The server encountered an internal error or misconfiguration and was unable to complete your request.

Please contact the server administrator, webmaster@excelforum.com and inform them of the time the error occurred, and anything you might have done that may have caused the error.

More information about this error may be available in the server error log.

Additionally, a 500 Internal Server Error error was encountered while trying to use an ErrorDocument to handle the request."

----------


## Paul

Testing uploading some attachments (xlsx file, jpg..)

Seems to be working on my end.  Perhaps there was an issue with the site at the time you were uploading?  Can you try again now?

Thanks.

----------


## Stonesteel15

I am still getting an error.  :Frown: 
Filesize is only 203KB

Internal Server Error
The server encountered an internal error or misconfiguration and was unable to complete your request.

Please contact the server administrator, webmaster@excelforum.com and inform them of the time the error occurred, and anything you might have done that may have caused the error.

More information about this error may be available in the server error log.
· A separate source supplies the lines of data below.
lemma order_bounded_le_powr:
  assumes "order_bounded U m f"
  obtains \<delta> C where "\<delta> > 0" "0 \<le> C"
    "\<And>z. z \<in> U \<Longrightarrow> norm z < \<delta> \<Longrightarrow> fst z \<noteq> 0 \<Longrightarrow> norm (f z) \<le> C * norm (fst z) powr m"
proof -
  obtain \<delta> C where "\<delta> > 0" "0 \<le> C"
    and C: "\<And>z. z \<in> U \<Longrightarrow> norm z < \<delta> \<Longrightarrow> norm (fst z) powr (- m) * norm (f z) \<le> C"
    using assms by (rule order_boundedE) blast
  show thesis
  proof (rule that[OF \<open>\<delta> > 0\<close> \<open>0 \<le> C\<close>])
    fix z assume "z \<in> U" "norm z < \<delta>" "fst z \<noteq> 0"
    then show "norm (f z) \<le> C * norm (fst z) powr m"
      using powr_neg_mult_le_imp_le[OF _ C] by simp
  qed
qed

lemma order_bounded_eventually_small:
  assumes "0 < m" "order_bounded U m f" "0 < \<epsilon>"
  obtains \<delta> where "\<delta> > 0" "\<And>z. z \<in> U \<Longrightarrow> norm z < \<delta> \<Longrightarrow> fst z \<noteq> 0 \<Longrightarrow> norm (f z) \<le> \<epsilon>"
proof -
  obtain \<delta> C where \<delta>: "\<delta> > 0" "0 \<le> C"
    and C: "\<And>z. z \<in> U \<Longrightarrow> norm z < \<delta> \<Longrightarrow> fst z \<noteq> 0 \<Longrightarrow> norm (f z) \<le> C * norm (fst z) powr m"
    using assms(2) by (rule order_bounded_le_powr) blast
  define t where "t = (\<epsilon> / (C + 1)) powr (1 / m)"
  have t: "t > 0" "t powr m = \<epsilon> / (C + 1)"
    using assms(1,3) \<delta>(2) by (simp_all add: t_def powr_powr)
  have "norm (f z) \<le> \<epsilon>" if z: "z \<in> U" "norm z < min \<delta> t" "fst z \<noteq> 0" for z
  proof -
    have "norm (fst z) < t" using z(2) norm_fst_le_norm[of z] by linarith
    then have "norm (fst z) powr m < \<epsilon> / (C + 1)"
      using powr_less_mono2[OF assms(1) norm_ge_zero] t(2) by metis
    moreover have "0 < C + 1" using \<delta>(2) by simp
    ultimately have "norm (fst z) powr m * (C + 1) < \<epsilon>"
      by (simp only: pos_less_divide_eq[symmetric])
    then have "C * norm (fst z) powr m + norm (fst z) powr m < \<epsilon>" by (simp add: algebra_simps)
    then have "C * norm (fst z) powr m \<le> \<epsilon>" using powr_ge_zero[of "norm (fst z)" m] by linarith
    then show ?thesis using C[OF z(1) _ z(3)] z(2) by force
  qed
  then show thesis using that[of "min \<delta> t"] \<delta>(1) t(1) by force
qed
Additionally, a 500 Internal Server Error error was encountered while trying to use an ErrorDocument to handle the request.

----------


## Paul

I believe the max file size is 100KB.  Either zip your file or delete a bunch of unnecessary data from your sample.  We usually don't need to see everything, just enough that we understand the layout, data and what you're trying to achieve.

----------


## Stonesteel15

Copy of Querier.xlsm





> Re: Internal Server Error, Unable To Upload/Attach Any Files
> 
> I believe the max file size is 100KB. Either zip your file or delete a bunch of unnecessary data from your sample. We usually don't need to see everything, just enough that we understand the layout, data and what you're trying to achieve



I therefore concluded that Paul's explanation is correct, I tried to reduce the file below 100KB and the attachment proceeded. 

Sir Paul, thank you very much for the assistance, now I know what the problem really is.  :Smilie:

----------


## Paul

Glad it's working as intended.  If you wouldn't mind, please mark the thread as Solved by going to your first post in the thread, clicking Thread Tools (just above the post) and then "Mark this thread as solved."

Thanks, and happy foruming!  (I never know if that's one m or two..)

----------


## Stonesteel15

Thank you very much again Sir Paul.  :Smilie:

----------